BEGIN Dataset records

(* Let ${\mathcal E}$ be a trigonometric polynomial with support $S$, let $\Lambda\subset{\mathbb Z}^d$ be a polytope and let $E\in{\mathbb C}$. A finitely supported $w\in\ell^2({\mathbb Z}^d)$ satisfies $((E-H_0)w)(x)=0$ for all $x\notin\Lambda$ if and only if $w$ is supported in the $S$-interior $\Lambda^S$ of $\Lambda$.
   Context: ${\mathcal E}:{\mathbb T}^d\to{\mathbb R}$, ${\mathbb T}^d={\mathbb R}^d/(2\pi{\mathbb Z}^d)$, is a Morse function (nondegenerate critical points) with exactly two critical points of definite Hessian (a minimum and a maximum) and all others of indefinite Hessian, and is a trigonometric polynomial ${\mathcal E}(k)=\sum_{s\in S}{\mathcal E}_se^{\imath s\cdot k}$ with ${\mathcal E}_s\neq0$ exactly for $s$ in the finite set $S\subset{\mathbb Z}^d$ (the support of $H_0$; $S=-S$ since ${\mathcal E}$ is real). $H_0=\sum_{s\in S}{\mathcal E}_sT_s$ on $\ell^2({\mathbb Z}^d)$, $(T_s\psi)(x)=\psi(x-s)$. A vector $a\in{\mathbb Z}^d$ is prime if the gcd of its coordinates is $1$. For prime $a$ and $m\in{\mathbb Z}$, $\mathscr H^+_{a,m}=\{x\in{\mathbb Z}^d:a\cdot x\ge m\}$ and $\mathscr H_{a,m}=\{x:a\cdot x=m\}$; $\mathscr H^+_{a,m}$ is a contact half-plane of $\Lambda$ if $\Lambda\subset\mathscr H^+_{a,m}$ and $\Lambda\cap\mathscr H_{a,m}\ne\emptyset$. The convex hull of $\Lambda$ is the intersection of all its contact half-planes; $\Lambda$ is convex if it equals its convex hull, and a polytope is a finite nonempty convex set. The $S$-interior of $\Lambda$ is $\Lambda^S=\{x\in\Lambda:x+S\subset\Lambda\}$. *)

theory Defs
  imports "HOL-Analysis.Analysis"
begin

text \<open>Lattice points of Z^d are modelled as int ^ 'd (dimension d = CARD('d)).\<close>

definition zdot :: "int ^ 'd \<Rightarrow> int ^ 'd \<Rightarrow> int" where
  "zdot a x = (\<Sum>i\<in>UNIV. a $ i * x $ i)"

definition prime_vec :: "int ^ 'd \<Rightarrow> bool" where
  "prime_vec a \<longleftrightarrow> Gcd (range (\<lambda>i. a $ i)) = 1"

definition half_plane :: "int ^ 'd \<Rightarrow> int \<Rightarrow> (int ^ 'd) set" where
  "half_plane a m = {x. zdot a x \<ge> m}"

definition hyper_plane :: "int ^ 'd \<Rightarrow> int \<Rightarrow> (int ^ 'd) set" where
  "hyper_plane a m = {x. zdot a x = m}"

definition contact_half_plane :: "(int ^ 'd) set \<Rightarrow> int ^ 'd \<Rightarrow> int \<Rightarrow> bool" where
  "contact_half_plane \<Lambda> a m \<longleftrightarrow> prime_vec a \<and> \<Lambda> \<subseteq> half_plane a m
     \<and> \<Lambda> \<inter> hyper_plane a m \<noteq> {}"

definition lattice_hull :: "(int ^ 'd) set \<Rightarrow> (int ^ 'd) set" where
  "lattice_hull \<Lambda> = \<Inter> {half_plane a m | a m. contact_half_plane \<Lambda> a m}"

definition lattice_convex :: "(int ^ 'd) set \<Rightarrow> bool" where
  "lattice_convex \<Lambda> \<longleftrightarrow> \<Lambda> = lattice_hull \<Lambda>"

definition lattice_polytope :: "(int ^ 'd) set \<Rightarrow> bool" where
  "lattice_polytope \<Lambda> \<longleftrightarrow> finite \<Lambda> \<and> \<Lambda> \<noteq> {} \<and> lattice_convex \<Lambda>"

definition S_interior :: "(int ^ 'd) set \<Rightarrow> (int ^ 'd) set \<Rightarrow> (int ^ 'd) set" where
  "S_interior S \<Lambda> = {x \<in> \<Lambda>. (\<lambda>s. x + s) ` S \<subseteq> \<Lambda>}"

definition coeff_support :: "(int ^ 'd \<Rightarrow> complex) \<Rightarrow> (int ^ 'd) set" where
  "coeff_support c = {s. c s \<noteq> 0}"

text \<open>H_0 = sum over s in S of c_s T_s, with (T_s psi)(x) = psi(x - s).\<close>
definition H0 :: "(int ^ 'd \<Rightarrow> complex) \<Rightarrow> (int ^ 'd \<Rightarrow> complex) \<Rightarrow> int ^ 'd \<Rightarrow> complex" where
  "H0 c \<psi> x = (\<Sum>s\<in>coeff_support c. c s * \<psi> (x - s))"

end

theory Submission
  imports Defs
begin

(* Write S for the support of the coefficients c and W for the (finite) support of w.
   If W lies in the S-interior of \<Lambda>, then for x outside \<Lambda> both w x and every w (x - s),
   s \<in> S, vanish, so (E - H0) w vanishes outside \<Lambda>.

   Conversely, suppose some x0 \<in> W has a point y0 \<in> {x0} \<union> (x0 + S) outside \<Lambda>.  Since \<Lambda>
   is convex, a contact half-plane {zdot a z \<ge> m} of \<Lambda> misses y0.  Perturb the integer
   functional zdot a to a real linear functional f that (i) still separates y0 strictly
   from the finite set \<Lambda>, and (ii) is injective on S, hence attains its minimum on S at a
   unique point ss, with f ss < 0 because S = -S contains a nonzero point.  With xs a
   minimiser of f on W, the point y = xs + ss is "extreme": w y = 0 and
   H0 c w y = c ss * w xs \<noteq> 0, while f y \<le> f y0 forces y \<notin> \<Lambda>.  This contradicts the
   eigenfunction equation at y. *)


definition real_of_lattice :: "int ^ 'd \<Rightarrow> real ^ 'd" where
  "real_of_lattice z = (\<chi> i. real_of_int (z $ i))"

lemma real_of_lattice_add: "real_of_lattice (x + y) = real_of_lattice x + real_of_lattice y"
  by (simp add: real_of_lattice_def vec_eq_iff)

lemma real_of_lattice_uminus: "real_of_lattice (- z) = - real_of_lattice z"
  by (simp add: real_of_lattice_def vec_eq_iff)

lemma real_of_lattice_eq_iff: "real_of_lattice x = real_of_lattice y \<longleftrightarrow> x = y"
  by (simp add: real_of_lattice_def vec_eq_iff)

lemma zdot_real_of_lattice: "real_of_int (zdot a z) = real_of_lattice a \<bullet> real_of_lattice z"
  by (simp add: real_of_lattice_def zdot_def inner_vec_def)


lemma generic_direction:
  fixes V :: "'a::real_inner set"
  assumes "finite V" "0 \<notin> V" "\<delta> > 0"
  shows "\<exists>b. norm (b - b0) < \<delta> \<and> (\<forall>v\<in>V. b \<bullet> v \<noteq> 0)"
  using assms
proof (induction V arbitrary: \<delta> rule: finite_induct)
  case empty
  then show ?case by (intro exI[of _ b0]) auto
next
  case (insert v F)
  from insert.prems have v0: "v \<noteq> 0" and F0: "0 \<notin> F" by auto
  obtain b1 where b1: "norm (b1 - b0) < \<delta>/2" "\<forall>u\<in>F. b1 \<bullet> u \<noteq> 0"
    using insert.IH[of "\<delta>/2"] insert.prems F0 by auto
  text \<open>Move b1 along v by a small t avoiding the finitely many bad values.\<close>
  define bad where "bad = (\<lambda>u. - (b1 \<bullet> u) / (v \<bullet> u)) ` insert v F"
  have nv1: "norm v + 1 > 0" using norm_ge_zero[of v] by linarith
  define e where "e = \<delta> / 2 / (norm v + 1)"
  have e0: "e > 0" unfolding e_def using insert.prems nv1 by simp
  have "infinite ({0<..<e} - bad)"
    using infinite_Ioo[OF e0] insert.hyps unfolding bad_def by (simp add: Diff_infinite_finite)
  then obtain t where t: "0 < t" "t < e" "t \<notin> bad"
    by (metis Diff_iff finite.emptyI ex_in_conv greaterThanLessThan_iff)
  have "norm (t *\<^sub>R v) \<le> e * norm v"
    using t by (simp add: mult_right_mono)
  also have "\<dots> < e * (norm v + 1)" using e0 by simp
  also have "\<dots> = \<delta>/2" unfolding e_def using nv1 by (simp add: divide_simps)
  finally have small: "norm (t *\<^sub>R v) < \<delta>/2" .
  have "(b1 + t *\<^sub>R v) \<bullet> u \<noteq> 0" if u: "u \<in> insert v F" for u
  proof
    assume "(b1 + t *\<^sub>R v) \<bullet> u = 0"
    hence h: "b1 \<bullet> u + t * (v \<bullet> u) = 0" by (simp add: inner_add_left)
    show False
    proof (cases "v \<bullet> u = 0")
      case True
      then have "u \<in> F" using u v0 by auto
      then show False using b1 h True by auto
    next
      case False
      then have "t = - (b1 \<bullet> u) / (v \<bullet> u)" using h by (simp add: field_simps)
      then show False using t u unfolding bad_def by auto
    qed
  qed
  moreover have "norm (b1 + t *\<^sub>R v - b0) < \<delta>"
    using norm_triangle_ineq[of "b1 - b0" "t *\<^sub>R v"] small b1(1) by (simp add: algebra_simps)
  ultimately show ?case by blast
qed

lemma generic_unique_minimiser:
  fixes S :: "(int ^ 'd) set"
  assumes "finite S" "\<And>s. s \<in> S \<Longrightarrow> - s \<in> S" "s1 \<in> S" "s1 \<noteq> 0" "\<delta> > 0"
  obtains b ss where "norm (b - b0) < \<delta>" "ss \<in> S"
    "b \<bullet> real_of_lattice ss < 0"
    "\<And>s. s \<in> S \<Longrightarrow> s \<noteq> ss \<Longrightarrow> b \<bullet> real_of_lattice ss < b \<bullet> real_of_lattice s"
proof -
  let ?R = real_of_lattice
  define V where "V = {?R s - ?R s' | s s'. s \<in> S \<and> s' \<in> S \<and> s \<noteq> s'}"
  have "finite V"
    unfolding V_def using finite_image_set2[of "\<lambda>s. s \<in> S" "\<lambda>s'. s' \<in> S"] assms(1)
    by (auto intro: finite_subset[of _ "(\<lambda>(s, s'). ?R s - ?R s') ` (S \<times> S)"])
  moreover have "0 \<notin> V"
    unfolding V_def using real_of_lattice_eq_iff by fastforce
  ultimately obtain b where b: "norm (b - b0) < \<delta>" "\<forall>v\<in>V. b \<bullet> v \<noteq> 0"
    using generic_direction assms(5) by blast
  define f where "f s = b \<bullet> ?R s" for s
  have f_inj: "f s \<noteq> f s'" if "s \<in> S" "s' \<in> S" "s \<noteq> s'" for s s'
    using b(2) that unfolding f_def V_def by (force simp: inner_diff_right)
  obtain ss where ss: "ss \<in> S" "\<And>s. s \<in> S \<Longrightarrow> f ss \<le> f s"
    using ex_is_arg_min_if_finite[OF assms(1), of f] assms(3)
    by (auto simp: is_arg_min_linorder)
  have f_neg: "f (- s) = - f s" for s
    unfolding f_def by (simp add: real_of_lattice_uminus)
  have "s1 \<noteq> - s1"
  proof
    assume "s1 = - s1"
    then have "s1 $ i = 0" for i by (metis neg_equal_zero vector_uminus_component)
    then show False using assms(4) by (simp add: vec_eq_iff)
  qed
  then have "f s1 \<noteq> f (- s1)" using f_inj assms by blast
  then have "f ss < 0"
    using ss(2)[OF assms(3)] ss(2)[OF assms(2)[OF assms(3)]] f_neg[of s1] by linarith
  moreover have "f ss < f s" if "s \<in> S" "s \<noteq> ss" for s
    using ss f_inj[OF that(1) ss(1) that(2)] that(1) by force
  ultimately show ?thesis using that b ss(1) unfolding f_def by blast
qed

lemma perturbed_separation:
  fixes a y0 :: "int ^ 'd" and \<Lambda> :: "(int ^ 'd) set"
  assumes "finite \<Lambda>" "\<And>z. z \<in> \<Lambda> \<Longrightarrow> zdot a y0 < zdot a z"
  obtains \<delta> where "\<delta> > 0"
    "\<And>b z. norm (b - real_of_lattice a) < \<delta> \<Longrightarrow> z \<in> \<Lambda> \<Longrightarrow>
       b \<bullet> real_of_lattice y0 < b \<bullet> real_of_lattice z"
proof -
  let ?R = real_of_lattice
  define M where "M = (\<Sum>z\<in>\<Lambda>. norm (?R z - ?R y0))"
  have M0: "M \<ge> 0" unfolding M_def by (simp add: sum_nonneg)
  have "b \<bullet> ?R y0 < b \<bullet> ?R z"
    if b: "norm (b - ?R a) < 1 / (M + 1)" and z: "z \<in> \<Lambda>" for b z
  proof -
    let ?v = "?R z - ?R y0"
    have "norm ?v \<le> M" unfolding M_def using assms(1) z by (intro member_le_sum) auto
    then have "norm (b - ?R a) * norm ?v \<le> 1 / (M + 1) * M"
      using b M0 by (intro mult_mono) auto
    also have "\<dots> < 1" using M0 by (simp add: divide_less_eq)
    finally have perturbation: "\<bar>(b - ?R a) \<bullet> ?v\<bar> < 1"
      using Cauchy_Schwarz_ineq2[of "b - ?R a" ?v] by linarith
    have "(1::real) \<le> of_int (zdot a z) - of_int (zdot a y0)"
      using assms(2)[OF z] by linarith
    then have "1 \<le> ?R a \<bullet> ?v"
      by (simp add: zdot_real_of_lattice inner_diff_right)
    with perturbation show ?thesis by (simp add: inner_diff_left inner_diff_right)
  qed
  moreover have "1 / (M + 1) > 0" using M0 by simp
  ultimately show ?thesis using that by blast
qed


lemma H0_at_extreme_point:
  fixes f :: "int ^ 'd \<Rightarrow> real"
  assumes f_add: "\<And>x y. f (x + y) = f x + f y"
    and fin_S: "finite (coeff_support c)" and ss: "ss \<in> coeff_support c"
    and ss_neg: "f ss < 0"
    and ss_unique: "\<And>s. s \<in> coeff_support c \<Longrightarrow> s \<noteq> ss \<Longrightarrow> f ss < f s"
    and xs_min: "\<And>x. w x \<noteq> 0 \<Longrightarrow> f xs \<le> f x"
  shows "w (xs + ss) = 0" and "H0 c w (xs + ss) = c ss * w xs"
proof -
  let ?y = "xs + ss"
  show "w ?y = 0" using xs_min[of ?y] f_add ss_neg by fastforce
  have "c s * w (?y - s) = (if s = ss then c ss * w xs else 0)"
    if s: "s \<in> coeff_support c" for s
  proof (cases "s = ss")
    case False
    have "f (?y - s) < f xs"
      using f_add[of "?y - s" s] f_add[of xs ss] ss_unique[OF s False] by simp
    then have "w (?y - s) = 0" using xs_min by force
    then show ?thesis using False by simp
  qed simp
  then have "H0 c w ?y = (\<Sum>s\<in>coeff_support c. if s = ss then c ss * w xs else 0)"
    unfolding H0_def by (rule sum.cong[OF refl])
  also have "\<dots> = c ss * w xs" using fin_S ss by simp
  finally show "H0 c w ?y = c ss * w xs" .
qed


lemma eigen_equation_outside_if_support_in_S_interior:
  assumes "{x. w x \<noteq> 0} \<subseteq> S_interior (coeff_support c) \<Lambda>" "x \<notin> \<Lambda>"
  shows "E * w x - H0 c w x = 0"
proof -
  have "w (x - s) = 0" if "s \<in> coeff_support c" for s
    using assms that unfolding S_interior_def by force
  moreover have "w x = 0" using assms unfolding S_interior_def by auto
  ultimately show ?thesis unfolding H0_def by simp
qed

lemma separating_half_plane:
  assumes "lattice_convex \<Lambda>" "y \<notin> \<Lambda>"
  obtains a m where "\<And>z. z \<in> \<Lambda> \<Longrightarrow> zdot a y < m \<and> m \<le> zdot a z"
proof -
  have "y \<notin> lattice_hull \<Lambda>" using assms unfolding lattice_convex_def by simp
  then obtain a m where "contact_half_plane \<Lambda> a m" "y \<notin> half_plane a m"
    unfolding lattice_hull_def by auto
  then show ?thesis
    using that unfolding contact_half_plane_def half_plane_def by force
qed
lemma Rep_fralg_sum: "Rep_fralg (sum f S) = (\<lambda>w. \<Sum>i\<in>S. Rep_fralg (f i) w)"
  by (induction S rule: infinite_finite_induct) (auto simp: Rep_fralg_zero Rep_fralg_plus)

definition mon :: "nat list \<Rightarrow> fralg" where
  "mon u = Abs_fralg (fa_mon u)"

definition scal :: "rat \<Rightarrow> fralg" where
  "scal c = Abs_fralg (\<lambda>w. if w = [] then c else 0)"

lemma Rep_fralg_mon: "Rep_fralg (mon u) = fa_mon u"
  by (simp add: mon_def Abs_fralg_inverse)

lemma Rep_fralg_scal: "Rep_fralg (scal c) = (\<lambda>w. if w = [] then c else 0)"
  by (simp add: scal_def Abs_fralg_inverse)

lemma mon_Nil: "mon [] = 1"
  by (simp add: mon_def one_fralg_def)

lemma mon_append: "mon (u @ v) = mon u * mon v"
proof -
  have "fa_mul (fa_mon u) (fa_mon v) = fa_mon (u @ v)"
    apply (rule ext)
    apply (simp add: fa_mul_mon_left)
    apply (auto simp: fa_mon_def append_eq_conv_conj)
    by (metis append_take_drop_id)
  then show ?thesis by (simp add: mon_def times_fralg_def Abs_fralg_inverse)
qed

lemma Rep_fralg_scal_mult: "Rep_fralg (scal c * x) = (\<lambda>w. c * Rep_fralg x w)"
proof
  fix w show "Rep_fralg (scal c * x) w = c * Rep_fralg x w"
  proof (cases w)
    case (Cons a w')
    have "(\<lambda>u. Rep_fralg (scal c) (a # u)) = (\<lambda>u. 0)" by (auto simp: Rep_fralg_scal)
    then show ?thesis
      using Cons by (simp add: Rep_fralg_times fa_mul_Cons fa_mul_zero_left Rep_fralg_scal)
  qed (simp add: Rep_fralg_times Rep_fralg_scal fa_mul_Nil)
qed

lemma Rep_fralg_mult_scal: "Rep_fralg (x * scal c) = (\<lambda>w. Rep_fralg x w * c)"
proof
  fix w
  have "fa_mul (Rep_fralg x) (Rep_fralg (scal c)) w
      = (\<Sum>k\<le>length w. if k = length w then Rep_fralg x w * c else 0)"
    unfolding fa_mul_def Rep_fralg_scal by (rule sum.cong) auto
  then show "Rep_fralg (x * scal c) w = Rep_fralg x w * c" by (simp add: Rep_fralg_times)
qed

lemma scal_commute: "scal c * x = x * scal c"
  by (rule Rep_fralg_inject[THEN iffD1]) (simp add: Rep_fralg_scal_mult Rep_fralg_mult_scal mult.commute)

lemma scal_mult: "scal (a * b) = scal a * scal b"
  by (rule Rep_fralg_inject[THEN iffD1]) (auto simp: Rep_fralg_scal_mult Rep_fralg_scal)

lemma scal_one: "scal 1 = 1"
  by (rule Rep_fralg_inject[THEN iffD1]) (auto simp: Rep_fralg_one Rep_fralg_scal fa_mon_def)

lemma scal_minus: "scal (- a) = - scal a"
  by (rule Rep_fralg_inject[THEN iffD1]) (auto simp: Rep_fralg_uminus Rep_fralg_scal)

definition supp :: "fralg \<Rightarrow> nat list set" where
  "supp x = {w. Rep_fralg x w \<noteq> 0}"

definition free_on :: "nat set \<Rightarrow> fralg set" where
  "free_on A = {x. finite (supp x) \<and> (\<forall>w\<in>supp x. set w \<subseteq> A)}"

abbreviation free_below :: "nat \<Rightarrow> fralg set" where
  "free_below n \<equiv> free_on {1..<n}"

lemma free_below_iff: "x \<in> free_below n \<longleftrightarrow> Rep_fralg x \<in> F n"
  by (auto simp: free_on_def F_def supp_def)

lemma supp_plus: "supp (x + y) \<subseteq> supp x \<union> supp y"
  by (auto simp: supp_def Rep_fralg_plus)

lemma supp_diff: "supp (x - y) \<subseteq> supp x \<union> supp y"
  by (auto simp: supp_def Rep_fralg_minus)

lemma supp_scal_mult: "supp (scal c * x) \<subseteq> supp x"
  by (auto simp: supp_def Rep_fralg_scal_mult)

lemma supp_mon: "supp (mon w) = {w}"
  by (auto simp: supp_def Rep_fralg_mon fa_mon_def)

lemma supp_mult: "supp (x * y) \<subseteq> (\<lambda>(u, v). u @ v) ` (supp x \<times> supp y)"
proof
  fix w assume "w \<in> supp (x * y)"
  then have "(\<Sum>k\<le>length w. Rep_fralg x (take k w) * Rep_fralg y (drop k w)) \<noteq> 0"
    by (simp add: supp_def Rep_fralg_times fa_mul_def)
  then obtain k where "Rep_fralg x (take k w) * Rep_fralg y (drop k w) \<noteq> 0"
    by (meson sum.neutral)
  then have "(take k w, drop k w) \<in> supp x \<times> supp y" by (simp add: supp_def)
  then show "w \<in> (\<lambda>(u, v). u @ v) ` (supp x \<times> supp y)"
    by (metis (no_types, lifting) append_take_drop_id case_prod_conv image_eqI)
qed

lemma finite_supp_mult: "finite (supp x) \<Longrightarrow> finite (supp y) \<Longrightarrow> finite (supp (x * y))"
  using supp_mult[of x y] by (meson finite_SigmaI finite_imageI finite_subset)
lemma ext_op_edge:
  assumes g: "polymorphism V E k g"
    and len: "length xs = k" and xs: "set xs \<subseteq> ext_V i j V" and ys: "set ys \<subseteq> ext_V i j V"
    and edges: "list_all2 (\<lambda>x y. (x, y) \<in> ext_E i j V E) xs ys"
  shows "(ext_op g xs, ext_op g ys) \<in> ext_E i j V E"
proof (cases "int_labels (set xs) = {} \<and> int_labels (set ys) = {}")
  case True
  then obtain zs zs' where "xs = map Inr zs" "ext_op g xs = Inr (g zs)"
    and "ys = map Inr zs'" "ext_op g ys = Inr (g zs')"
    using ext_op_unlabelled by metis
  then show ?thesis
    using g len xs ys edges
    by (auto simp: polymorphism_list_all2 list_all2_map1 list_all2_map2)
next
  case False
  have "length ys = k" using edges len list_all2_lengthD by force
  then have "ext_op g xs \<in> ext_V i j V" "ext_op g ys \<in> ext_V i j V"
    using ext_op_mem[OF g] len xs ys by blast+
  moreover have "isl (ext_op g xs) \<or> isl (ext_op g ys)"
    using False by (auto simp: ext_op_def)
  ultimately show ?thesis
    using ext_E_iff_height height_ext_op_increases[OF xs ys edges] False by blast
qed

lemma ext_op_polymorphism:
  assumes "polymorphism V E k g"
  shows "polymorphism (ext_V i j V) (ext_E i j V E) k (ext_op g)"
  unfolding polymorphism_list_all2
proof (intro conjI allI impI)
  show "ext_op g xs \<in> ext_V i j V" if "length xs = k \<and> set xs \<subseteq> ext_V i j V" for xs
    using ext_op_mem[OF assms] that by blast
  show "(ext_op g xs, ext_op g ys) \<in> ext_E i j V E"
    if "length xs = k \<and> set xs \<subseteq> ext_V i j V \<and> set ys \<subseteq> ext_V i j V \<and>
        list_all2 (\<lambda>x y. (x, y) \<in> ext_E i j V E) xs ys" for xs ys
    using ext_op_edge[OF assms] that by blast
qed

lemma ext_op_idempotent:
  assumes "idempotent_op V k g" "1 \<le> k"
  shows "idempotent_op (ext_V i j V) k (ext_op g)"
  unfolding idempotent_op_def
proof
  fix x assume x: "x \<in> ext_V i j V"
  show "ext_op g (replicate k x) = x"
  proof (cases x)
    case (Inl u)
    have "set (replicate k x) = {x}" using assms(2) by simp
    then have "int_labels (set (replicate k x)) = {u}" using Inl by simp
    then show ?thesis using Inl by (simp add: ext_op_labelled)
  next
    case (Inr a)
    then have "ext_op g (replicate k x) = Inr (g (replicate k a))"
      by (metis ext_op_map_Inr map_replicate)
    then show ?thesis using assms(1) x Inr by (simp add: idempotent_op_def)
  qed
qed
lemma measure_Pplus_Collect:
  assumes "\<sigma> > 0" "finite J" "\<And>i. i \<in> J \<Longrightarrow> X i \<in> sets borel"
  shows "measure (Pplus \<sigma>) {\<omega> \<in> space (Pplus \<sigma>). \<forall>i\<in>J. \<omega> i \<in> X i} = (\<Prod>i\<in>J. measure (sig_dist 1 \<sigma>) (X i))"
proof -
  interpret S: prob_space "sig_dist 1 \<sigma>"
    using assms(1) by (rule prob_space_sig_dist)
  interpret P: product_prob_space "\<lambda>_. sig_dist 1 \<sigma>" UNIV
    by unfold_locales
  have "emeasure (Pplus \<sigma>) {\<omega> \<in> space (Pplus \<sigma>). \<forall>i\<in>J. \<omega> i \<in> X i} = (\<Prod>i\<in>J. emeasure (sig_dist 1 \<sigma>) (X i))"
    unfolding Pplus_def using assms(2,3) by (intro P.emeasure_PiM_Collect) auto
  then show ?thesis
    unfolding Pplus_def by (simp add: S.emeasure_eq_measure P.emeasure_eq_measure prod_ennreal prod_nonneg)
qed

END Dataset records

=== Work item ===
Please find, in the entries above, every line where "intro" occurs, and copy it.

=== Output of the exercise ===
  then show ?case by (intro exI[of _ b0]) auto
    by (auto intro: finite_subset[of _ "(\<lambda>(s, s'). ?R s - ?R s') ` (S \<times> S)"])
    have "norm ?v \<le> M" unfolding M_def using assms(1) z by (intro member_le_sum) auto
      using b M0 by (intro mult_mono) auto
proof (intro conjI allI impI)
    unfolding Pplus_def using assms(2,3) by (intro P.emeasure_PiM_Collect) auto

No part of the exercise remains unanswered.